Researchers at UCL and Great Ormond Street Hospital for Children (GOSH) have developed donor T cells to treat critically ill children with drug-resistant leukemia who would otherwise have exhausted all available treatments.
The phase I study, published in Science Translational Medicine, is the first human application of ‘universal’ CRISPR-edited cells and represents an important advance in the use of gene-edited cells to treat cancer.
Researchers, led by Professor Waseem Qasim, UCL Great Ormond Street Institute of Child Health & Consultant Immunologist at GOSH, used a technique known as CRISPR/Cas9 to cut a cell’s DNA and insert new genetic code. In this case, the genetic code allows T cells to express a receptor called a chimeric antigen receptor (CAR) that can recognize and destroy markers on the surface of cancerous B cells.
The T cells were then further gene-edited and made available “off-the-shelf” without the need for donor matching. “Fortunately, this type of unresponsive leukemia is extremely rare, but we are excited to introduce new treatments for some of the most difficult childhood leukemias to treat,” said lead author Professor Qasim. I’m exhausted.”
The study builds on previous work by Professor Qasim’s team using older techniques.
“While there are challenges to overcome, this study demonstrates how novel genome-editing techniques can be used to address the unmet health needs of the sickest children we see. It’s a promising demonstration.”

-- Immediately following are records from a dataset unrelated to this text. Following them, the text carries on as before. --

lemma drop_column_add_column: "drop_column (add_column n ys) = ys"
proof -
  have "takeWhile ((<) 0) (map Suc ys @ replicate (n - length ys) 0)
      = map Suc ys @ takeWhile ((<) 0) (replicate (n - length ys) 0)"
    by (rule takeWhile_append2) auto
  also have "takeWhile ((<) 0) (replicate (n - length ys) (0::nat)) = []"
    by (cases "n - length ys") simp_all
  finally have "takeWhile ((<) 0) (map Suc ys @ replicate (n - length ys) 0) = map Suc ys"
    by simp
  then show ?thesis
    unfolding drop_column_def add_column_def by (simp add: comp_def)
qed

lemma add_column_drop_column:
  assumes "xs \<in> parts n"
  shows "add_column n (drop_column xs) = xs"
proof -
  have "map Suc (drop_column xs) = takeWhile ((<) 0) xs"
    unfolding drop_column_def map_map by (rule map_idI) (auto dest: set_takeWhileD)
  then show ?thesis
    using assms sorted_desc_eq_takeWhile_pos_append_zeros[of xs]
    unfolding add_column_def in_parts_iff by (simp add: drop_column_def)
qed

lemma add_column_in_parts:
  assumes "ys \<in> parts k" and "k \<le> n"
  shows "add_column n ys \<in> parts n"
proof -
  have "sorted_wrt (\<ge>) (replicate m (0::nat))" for m
    by (induction m) auto
  then show ?thesis
    using assms unfolding add_column_def in_parts_iff
    by (auto simp: sorted_wrt_append sorted_wrt_map)
qed

lemma drop_column_in_parts:
  assumes "xs \<in> parts n"
  shows "drop_column xs \<in> parts (length (drop_column xs))" and "length (drop_column xs) \<le> n"
proof -
  have "sorted_wrt (\<ge>) (takeWhile ((<) 0) xs)"
    using assms unfolding in_parts_iff by (metis sorted_wrt_append takeWhile_dropWhile_id)
  then have "sorted_wrt (\<lambda>x y. y - 1 \<le> x - (1::nat)) (takeWhile ((<) 0) xs)"
    by (rule sorted_wrt_mono_rel[rotated]) (simp add: diff_le_mono)
  then show "drop_column xs \<in> parts (length (drop_column xs))"
    unfolding drop_column_def in_parts_iff by (simp add: sorted_wrt_map)
  show "length (drop_column xs) \<le> n"
    using assms length_takeWhile_le[of "(<) 0" xs] unfolding drop_column_def in_parts_iff by simp
qed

A 1-year-old patient who had leukemia cleared from his body using CAR-T cell therapy in 2015. Here, white blood cells were harvested from a healthy donor and used “molecular scissors” called TALENS (precursor of CRISPR). and processed in a special lab to create cells that are suitable for transplantation into every patient so that leukemia can be prevented and eliminated.
Following the success of this experimental treatment, a larger study reported on her 21 patients, both treated adults and children. Several CAR T-cell therapies are currently offered by the NHS, but they rely on harvesting and generating the patient’s own cells. This can be expensive and is not always quick to do.